1. A branch predictor uses saturating counters state machines. The branch predictor state corresponding to a branch being predicted is 01 and the branch is mispredicted. The next state will be:

a. 00

b. 01

c. 10

 d. 11

e. Need more information to determine the next state.

1. Choose the pair of terms that are most related:

a. History buffer, branch predictor

b. History buffer, branch target buffer

c. History buffer, branch mispredictions

 d. History buffer, register renaming

e. History buffer, Pentium Pro processor

1. A correlating global branch predictor uses 7 history bits and 8 address bits. The size of the state machines array is:

a. 128 entries

b. 256 entries

c. 384 entries

d. 32K entries

 e. None of the above.

1. Describe what happens in a snoopy cache coherence multiprocessor system when
2. A CPU write misses and the block is in exclusive-modified state in another processor.
3. A CPU write hits a block in shared state and the block is in the cache of another processor.
4. A CPU read misses a block which is in exclusive-modified state in another processor.

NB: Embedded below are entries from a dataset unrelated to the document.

lemma nn_integral_quadrant_hyperbolic_rescale:
  fixes H :: "real \<times> real \<Rightarrow> ennreal" and G :: "real \<Rightarrow> real"
  assumes [measurable]: "H \<in> borel_measurable (lborel \<Otimes>\<^sub>M lborel)" "G \<in> borel_measurable borel"
    and G_pos: "\<And>s. 0 < s \<Longrightarrow> 0 < G s"
  shows "(\<integral>\<^sup>+p\<in>{0<..} \<times> {0<..}. H (case p of (x, y) \<Rightarrow> (x / G (x * y), y * G (x * y))) \<partial>(lborel \<Otimes>\<^sub>M lborel))
       = (\<integral>\<^sup>+p\<in>{0<..} \<times> {0<..}. H p \<partial>(lborel \<Otimes>\<^sub>M lborel))"
proof -
  have fiber: "(\<integral>\<^sup>+x\<in>{0<..}. H (x / G s, s / x * G s) * ennreal (1 / x) \<partial>lborel)
      = (\<integral>\<^sup>+x\<in>{0<..}. H (x, s / x) * ennreal (1 / x) \<partial>lborel)" if "0 < s" for s
    using G_pos[OF that] nn_integral_Ioi_inverse_scale[of "1 / G s" "\<lambda>x. H (x, s / x)"]
    by simp
  have "(\<integral>\<^sup>+p\<in>{0<..} \<times> {0<..}. H (case p of (x, y) \<Rightarrow> (x / G (x * y), y * G (x * y))) \<partial>(lborel \<Otimes>\<^sub>M lborel))
      = (\<integral>\<^sup>+s\<in>{0<..}. (\<integral>\<^sup>+x\<in>{0<..}. H (x / G s, s / x * G s) * ennreal (1 / x) \<partial>lborel) \<partial>lborel)"
    by (subst nn_integral_quadrant_hyperbolic) (auto simp: indicator_def intro!: nn_integral_cong)
  also have "\<dots> = (\<integral>\<^sup>+s\<in>{0<..}. (\<integral>\<^sup>+x\<in>{0<..}. H (x, s / x) * ennreal (1 / x) \<partial>lborel) \<partial>lborel)"
    using fiber by (intro nn_integral_cong) (auto simp: indicator_def)
  also have "\<dots> = (\<integral>\<^sup>+p\<in>{0<..} \<times> {0<..}. H p \<partial>(lborel \<Otimes>\<^sub>M lborel))"
    by (rule nn_integral_quadrant_hyperbolic[symmetric]) fact
  finally show ?thesis .
qed

lemma nn_integral_quadrant_swap:
  fixes H :: "real \<times> real \<Rightarrow> ennreal"
  assumes [measurable]: "H \<in> borel_measurable (lborel \<Otimes>\<^sub>M lborel)"
  shows "(\<integral>\<^sup>+p\<in>{0<..} \<times> {0<..}. H (snd p, fst p) \<partial>(lborel \<Otimes>\<^sub>M lborel))
       = (\<integral>\<^sup>+p\<in>{0<..} \<times> {0<..}. H p \<partial>(lborel \<Otimes>\<^sub>M lborel))"
  by (subst lborel.nn_integral_fst[symmetric], simp, subst lborel_pair.nn_integral_snd[symmetric])
     (simp_all add: indicator_times mult_ac)

lemma measurable_F_GIG[measurable]: "F_GIG \<alpha> \<beta> \<in> lborel \<Otimes>\<^sub>M lborel \<rightarrow>\<^sub>M lborel \<Otimes>\<^sub>M lborel"
  unfolding F_GIG_def split_beta' by measurable

lemma nn_integral_F_GIG_quadrant:
  fixes H :: "real \<times> real \<Rightarrow> ennreal"
  assumes [measurable]: "H \<in> borel_measurable (lborel \<Otimes>\<^sub>M lborel)" and "0 < \<alpha>" "0 < \<beta>"
  shows "(\<integral>\<^sup>+p\<in>{0<..} \<times> {0<..}. H (F_GIG \<alpha> \<beta> p) \<partial>(lborel \<Otimes>\<^sub>M lborel))
       = (\<integral>\<^sup>+p\<in>{0<..} \<times> {0<..}. H p \<partial>(lborel \<Otimes>\<^sub>M lborel))"
proof -
  define G where "G s = (1 + \<beta> * s) / (1 + \<alpha> * s)" for s :: real
  have "0 < G s" if "0 < s" for s
    using that \<open>0 < \<alpha>\<close> \<open>0 < \<beta>\<close> unfolding G_def by (simp add: add_pos_pos)
  moreover have "G \<in> borel_measurable borel"
    unfolding G_def by measurable
  moreover have "F_GIG \<alpha> \<beta> p = (case p of (x, y) \<Rightarrow> (y * G (x * y), x / G (x * y)))" for p
    unfolding F_GIG_def G_def by (simp add: mult.assoc split: prod.split)
  ultimately show ?thesis
    using nn_integral_quadrant_hyperbolic_rescale[of "\<lambda>p. H (snd p, fst p)" G]
      nn_integral_quadrant_swap[of H]
    by (simp add: split_beta')
qed

lemma distr_density_F_GIG:
  fixes f g :: "real \<times> real \<Rightarrow> ennreal"
  assumes "0 < \<alpha>" "0 < \<beta>"
    and [measurable]: "f \<in> borel_measurable (lborel \<Otimes>\<^sub>M lborel)" "g \<in> borel_measurable (lborel \<Otimes>\<^sub>M lborel)"
    and f_eq: "\<And>p. f p = g (F_GIG \<alpha> \<beta> p) * indicator ({0<..} \<times> {0<..}) p"
    and g_vanishes: "\<And>p. p \<notin> {0<..} \<times> {0<..} \<Longrightarrow> g p = 0"
  shows "distr (density (lborel \<Otimes>\<^sub>M lborel) f) (lborel \<Otimes>\<^sub>M lborel) (F_GIG \<alpha> \<beta>)
       = density (lborel \<Otimes>\<^sub>M lborel) g"
proof (rule measure_eqI)
  fix A assume "A \<in> sets (distr (density (lborel \<Otimes>\<^sub>M lborel) f) (lborel \<Otimes>\<^sub>M lborel) (F_GIG \<alpha> \<beta>))"
  then have A[measurable]: "A \<in> sets (lborel \<Otimes>\<^sub>M lborel)"
    by simp
  have "F_GIG \<alpha> \<beta> -` A \<in> sets (lborel \<Otimes>\<^sub>M lborel)"
    using measurable_sets[OF measurable_F_GIG A] by (simp add: space_pair_measure)
  then have "emeasure (distr (density (lborel \<Otimes>\<^sub>M lborel) f) (lborel \<Otimes>\<^sub>M lborel) (F_GIG \<alpha> \<beta>)) A
      = (\<integral>\<^sup>+p\<in>{0<..} \<times> {0<..}. g (F_GIG \<alpha> \<beta> p) * indicator A (F_GIG \<alpha> \<beta> p) \<partial>(lborel \<Otimes>\<^sub>M lborel))"
    using A by (simp add: emeasure_distr emeasure_density f_eq space_pair_measure mult_ac
                          indicator_vimage[symmetric])
  also have "\<dots> = (\<integral>\<^sup>+p\<in>{0<..} \<times> {0<..}. g p * indicator A p \<partial>(lborel \<Otimes>\<^sub>M lborel))"
    using nn_integral_F_GIG_quadrant[of "\<lambda>p. g p * indicator A p" \<alpha> \<beta>] \<open>0 < \<alpha>\<close> \<open>0 < \<beta>\<close> by simp
  also have "\<dots> = emeasure (density (lborel \<Otimes>\<^sub>M lborel) g) A"
    using A g_vanishes by (subst emeasure_density) (auto simp: indicator_def intro!: nn_integral_cong)
  finally show "emeasure (distr (density (lborel \<Otimes>\<^sub>M lborel) f) (lborel \<Otimes>\<^sub>M lborel) (F_GIG \<alpha> \<beta>)) A
      = emeasure (density (lborel \<Otimes>\<^sub>M lborel) g) A" .
qed simp

lemma distributed_F_GIG:
  fixes f g :: "real \<times> real \<Rightarrow> ennreal"
  assumes "0 < \<alpha>" "0 < \<beta>"
    and Z: "distributed M (lborel \<Otimes>\<^sub>M lborel) Z f"
    and g[measurable]: "g \<in> borel_measurable (lborel \<Otimes>\<^sub>M lborel)"
    and "\<And>p. f p = g (F_GIG \<alpha> \<beta> p) * indicator ({0<..} \<times> {0<..}) p"
    and "\<And>p. p \<notin> {0<..} \<times> {0<..} \<Longrightarrow> g p = 0"
  shows "distributed M (lborel \<Otimes>\<^sub>M lborel) (\<lambda>\<omega>. F_GIG \<alpha> \<beta> (Z \<omega>)) g"
proof -
  have [measurable]: "Z \<in> M \<rightarrow>\<^sub>M lborel \<Otimes>\<^sub>M lborel" "f \<in> borel_measurable (lborel \<Otimes>\<^sub>M lborel)"
    using Z by (simp_all add: distributed_def)
  have "distr M (lborel \<Otimes>\<^sub>M lborel) (\<lambda>\<omega>. F_GIG \<alpha> \<beta> (Z \<omega>))
      = distr (distr M (lborel \<Otimes>\<^sub>M lborel) Z) (lborel \<Otimes>\<^sub>M lborel) (F_GIG \<alpha> \<beta>)"
    by (subst distr_distr) (auto simp: comp_def)
  also have "\<dots> = density (lborel \<Otimes>\<^sub>M lborel) g"
    unfolding distributed_distr_eq_density[OF Z] by (rule distr_density_F_GIG) (use assms in auto)
  finally show ?thesis
    using Z g by (simp add: distributed_def)
qed

lemma (in prob_space) prob_space_density_if_distributed:
  "distributed M N Z f \<Longrightarrow> prob_space (density N f)"
  unfolding distributed_distr_eq_density[symmetric] by (rule prob_space_distr) (simp add: distributed_def)

lemma (in prob_space) indep_var_if_distributed_product_density:
  assumes S: "sigma_finite_measure S" and T: "sigma_finite_measure T"
    and joint: "distributed M (S \<Otimes>\<^sub>M T) (\<lambda>\<omega>. (U \<omega>, V \<omega>)) (\<lambda>(u, v). P u * Q v)"
    and P: "prob_space (density S P)" and Q: "prob_space (density T Q)"
    and [measurable]: "P \<in> borel_measurable S" "Q \<in> borel_measurable T"
  shows "indep_var S U T V \<and> distributed M S U P \<and> distributed M T V Q"
proof (intro conjI)
  have "(\<integral>\<^sup>+v. P u * Q v \<partial>T) = P u" for u
    using prob_space.emeasure_space_1[OF Q] by (simp add: nn_integral_cmult emeasure_density)
  then show U: "distributed M S U P"
    using distr_marginal1[OF S T joint] by simp
  have "(\<integral>\<^sup>+u. P u * Q v \<partial>S) = Q v" for v
    using prob_space.emeasure_space_1[OF P] by (simp add: nn_integral_multc emeasure_density)
  then show V: "distributed M T V Q"
    using distr_marginal2[OF S T joint] by simp
  have "distr M S U \<Otimes>\<^sub>M distr M T V = density S P \<Otimes>\<^sub>M density T Q"
    using U V by (simp add: distributed_distr_eq_density)
  also have "\<dots> = distr M (S \<Otimes>\<^sub>M T) (\<lambda>\<omega>. (U \<omega>, V \<omega>))"
    using joint T prob_space_imp_sigma_finite[OF Q]
    by (simp add: distributed_distr_eq_density pair_measure_density)
  finally show "indep_var S U T V"
    using U V by (simp add: indep_var_distribution_eq distributed_measurable)
qed

lemma (in prob_space) indep_var_lborel_iff:
  fixes U V :: "'a \<Rightarrow> real"
  shows "indep_var lborel U lborel V \<longleftrightarrow> indep_var borel U borel V"
  unfolding indep_var_def indep_vars_def by (simp add: case_bool_if)

lemma gig_kernel_nonneg: "0 \<le> gig_kernel lam A B x"
  unfolding gig_kernel_def by auto

lemma gig_kernel_nonpos_eq_0: "x \<le> 0 \<Longrightarrow> gig_kernel lam A B x = 0"
  unfolding gig_kernel_def by auto

lemma borel_measurable_gig_kernel[measurable]: "gig_kernel lam A B \<in> borel_measurable borel"
  unfolding gig_kernel_def by measurable

lemma borel_measurable_gig_density[measurable]: "gig_density lam A B \<in> borel_measurable borel"
  unfolding gig_density_def by measurable

lemma gig_const_eq_nn_integral:
  "gig_const lam A B = enn2real (\<integral>\<^sup>+x. ennreal (gig_kernel lam A B x) \<partial>lborel)"
  unfolding gig_const_def by (rule integral_eq_nn_integral) (auto simp: gig_kernel_nonneg)

lemma gig_const_pos_iff:
  "0 < gig_const lam A B \<longleftrightarrow>
     (\<integral>\<^sup>+x. ennreal (gig_kernel lam A B x) \<partial>lborel) \<noteq> 0 \<and> (\<integral>\<^sup>+x. ennreal (gig_kernel lam A B x) \<partial>lborel) \<noteq> \<infinity>"
  unfolding gig_const_eq_nn_integral enn2real_positive_iff by (auto simp: less_top zero_less_iff_neq_zero)

lemma nn_integral_gig_kernel:
  "0 < gig_const lam A B \<Longrightarrow> (\<integral>\<^sup>+x. ennreal (gig_kernel lam A B x) \<partial>lborel) = ennreal (gig_const lam A B)"
  unfolding gig_const_pos_iff by (simp add: gig_const_eq_nn_integral less_top)

lemma prob_space_gig_iff: "prob_space (density lborel (gig_density lam A B)) \<longleftrightarrow> 0 < gig_const lam A B"
proof
  assume "prob_space (density lborel (gig_density lam A B))"
  then have "(\<integral>\<^sup>+x. gig_density lam A B x \<partial>lborel) = 1"
    using prob_space.emeasure_space_1 by (force simp: emeasure_density)
  moreover have "gig_density lam A B = (\<lambda>_. 0)" if "gig_const lam A B \<le> 0"
    using that by (intro ext) (simp add: gig_density_def ennreal_neg divide_nonneg_nonpos gig_kernel_nonneg)
  ultimately show "0 < gig_const lam A B"
    by force
next
  assume C: "0 < gig_const lam A B"
  have "(\<integral>\<^sup>+x. gig_density lam A B x \<partial>lborel)
      = ennreal (1 / gig_const lam A B) * (\<integral>\<^sup>+x. ennreal (gig_kernel lam A B x) \<partial>lborel)"
    unfolding gig_density_def using C
    by (subst nn_integral_cmult[symmetric]) (auto simp: ennreal_mult[symmetric] gig_kernel_nonneg)
  also have "\<dots> = 1"
    using C by (simp add: nn_integral_gig_kernel ennreal_mult[symmetric])
  finally show "prob_space (density lborel (gig_density lam A B))"
    by (intro prob_spaceI) (simp add: emeasure_density)
qed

In your discussion, give the state transition of the involved block in both processor caches, the transaction that is sent on the external system bus, and which hardware unit supplies the data of the accessed block.

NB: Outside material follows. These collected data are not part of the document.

(* Let $f_\theta$ be a neural network parameterized by $\theta$, with $\theta_l$ the parameters of its $l$-th layer, and let $\mathrm{DB\text{-}MLP}^l$ be its $l$-th doubly biased MLP block with input $X^{l-1}$ and zeroth bias $D^l$. Then for any sample $(x,y)$, \[ \|\nabla_{\theta_l}\mathcal{L}_{\mathrm{CE}}(\theta,(x,y))\|_2^2\ \ge\ \|\nabla_{X^{l-1}}\mathcal{L}_{\mathrm{CE}}(\theta,(x,y))\|_2^2+\|H^l(X^{l-1}+D^l)^\top\|_2^2+\|G_V^l(A^l)^\top\|_2^2 . \] If the block is not doubly biased, the first term on the right-hand side disappears.
   Context: $\mathcal{L}_{\mathrm{CE}}(\theta,(x,y))=-\log f(y\mid\theta,x)$ is the Cross-Entropy loss. The DB-MLP block receives $X^{l-1}\in\mathbb{R}^{d\times k}$ (tokens as columns), has zeroth bias $D^l\in\mathbb{R}^{d\times k}$, key matrix $K^l\in\mathbb{R}^{n\times d}$, key bias $b_K^l$, value matrix $V^l\in\mathbb{R}^{d\times n}$, value bias $b_V^l$, computes $A^l=\sigma(K^l(X^{l-1}+D^l)+b_K^l\mathbf1^\top)$ and $Z^l=V^lA^l+b_V^l\mathbf1^\top$ (entrywise activation $\sigma$), and $X^{l-1}$ is used only through $X^{l-1}+D^l$ (the block's first operation). The parameters $\theta_l$ include at least $K^l,V^l,D^l$. $\Gamma^l=\sigma'(K^l(X^{l-1}+D^l)+b_K^l\mathbf1^\top)$ entrywise, $G_K^l=\partial\mathcal{L}_{\mathrm{CE}}/\partial A^l$, $G_V^l=\partial\mathcal{L}_{\mathrm{CE}}/\partial Z^l$, $H^l=G_K^l\odot\Gamma^l$ (Hadamard product). Matrix norms are Frobenius norms. *)

theory Defs
  imports "HOL-Analysis.Analysis"
begin

text \<open>Matrices: a d x k matrix is an element of real^'k^'d (rows indexed by 'd).
 The norm on real^'k^'d is the Frobenius norm; on products it is the Euclidean
 norm of the pair of norms, i.e. the norm of the concatenated parameter vector.\<close>

definition grad :: "('a::real_inner \<Rightarrow> real) \<Rightarrow> 'a \<Rightarrow> 'a" where
  "grad F x = (THE g. (F has_derivative (\<lambda>h. g \<bullet> h)) (at x))"

definition bcast :: "real^'m \<Rightarrow> real^'k^'m" where
  "bcast b = (\<chi> i j. b $ i)"

definition entrywise :: "(real \<Rightarrow> real) \<Rightarrow> real^'k^'m \<Rightarrow> real^'k^'m" where
  "entrywise \<sigma> M = (\<chi> i j. \<sigma> (M $ i $ j))"

definition hadamard :: "real^'k^'m \<Rightarrow> real^'k^'m \<Rightarrow> real^'k^'m" where
  "hadamard A B = (\<chi> i j. A $ i $ j * B $ i $ j)"

definition preact :: "real^'d^'n \<Rightarrow> real^'n \<Rightarrow> real^'k^'d \<Rightarrow> real^'k^'d \<Rightarrow> real^'k^'n" where
  "preact K bK X D = K ** (X + D) + bcast bK"

definition blockA :: "(real \<Rightarrow> real) \<Rightarrow> real^'d^'n \<Rightarrow> real^'n \<Rightarrow> real^'k^'d \<Rightarrow> real^'k^'d \<Rightarrow> real^'k^'n" where
  "blockA \<sigma> K bK X D = entrywise \<sigma> (preact K bK X D)"

definition blockZ :: "(real \<Rightarrow> real) \<Rightarrow> real^'d^'n \<Rightarrow> real^'n \<Rightarrow> real^'n^'d \<Rightarrow> real^'d
    \<Rightarrow> real^'k^'d \<Rightarrow> real^'k^'d \<Rightarrow> real^'k^'d" where
  "blockZ \<sigma> K bK V bV X D = V ** blockA \<sigma> K bK X D + bcast bV"

text \<open>Cross-entropy loss -log f(y | theta, x), where the probability f(y|theta,x) of the
 label depends on the layer-l block only through its output Z^l and on the remaining
 layer-l parameters psi; F (Z, psi) is that probability (all other network parameters,
 the input x and the label y are fixed and absorbed into F).\<close>
definition ceZ :: "((real^'k^'d) \<times> 'e \<Rightarrow> real) \<Rightarrow> real^'k^'d \<Rightarrow> 'e \<Rightarrow> real" where
  "ceZ F Z \<psi> = - ln (F (Z, \<psi>))"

1. Name the hardware mechanism used to speed up virtual memory. Very briefly describe what it is.
2. Name six techniques for improving cache and memory access performance.
3. In virtual memory, what is a TLB page miss, and what is a page fault?
4. Explain how virtual memory provides performance and improves the utilization of computers by allowing them to perform multiple tasks concurrently.
5. A processor uses the fact that the page offset bits are the same in both virtual and physical addresses to reduce the latency it takes to perform address translation and cache lookup. The processor uses the page offset bits and starts the set access to read data and tags in the same cycle that the TLB performs the virtual to physical translation. Assuming a page size of 4K bytes, cache block size of 32 bytes and 4-way set associative cache. What is the maximum cache size that this processor can implement? What would you change in the cache organization to increase the size of the cache?
6. Calculate the performance improvement of a 4-wide superscalar processor over a 2-wide superscalar processor, both processors having equal cycle time and 20 cycle pipeline length from fetch to branch execution. Assume 10% branch misprediction rate and that 1 out of 7 instructions are conditional branches. Also assume unlimited instruction level parallelism, i.e. no stalls due to data hazards or cache misses.
7. A history buffer and a reorder buffer are two methods for implementing precise faults and for recovering from mispredicted branches. Which method gives better performance and why?
8. What type of hazards is created in a pipeline with variable-latency functional units that would not occur with equal-latency functional units? Give an example.
9. Name three mechanisms to provide precise exceptions in a processor that performs out-of-order execution. Which method has the highest branch misprediction penalty and why?
10. Both local and global branch predictors use branch history registers for indexing an array of state machines. What is the difference between the two history registers?
11. Explain the principles of temporal and spatial locality in programs and describe three hardwarevperformance optimizations that exploits temporal and spatial locality.
12. Use a block diagram to describe how a hybrid bimodal-gshare predictor works. Assume that the predictors’ predictor has 4K entries, the bimodal predictor has 4K entries and the gshare predictor has 16K entries.
13. Assume that we make an enhancement to a computer that improves some mode of execution by a factor of 5. Enhanced mode is used 80% of the time, measured as a percentage of the execution time *when the enhanced mode is in use.* Recall that Amdahl’s Law depends on the fraction of the original, *unenhanced* execution time that could make use of the enhanced mode. Thus, we cannot directly use this 80% measurement to compute speedup with Amdahl’s Law.
	1. What is the speedup we have obtained from fast mode?

b. What percentage of the original execution time has been converted to fast mode?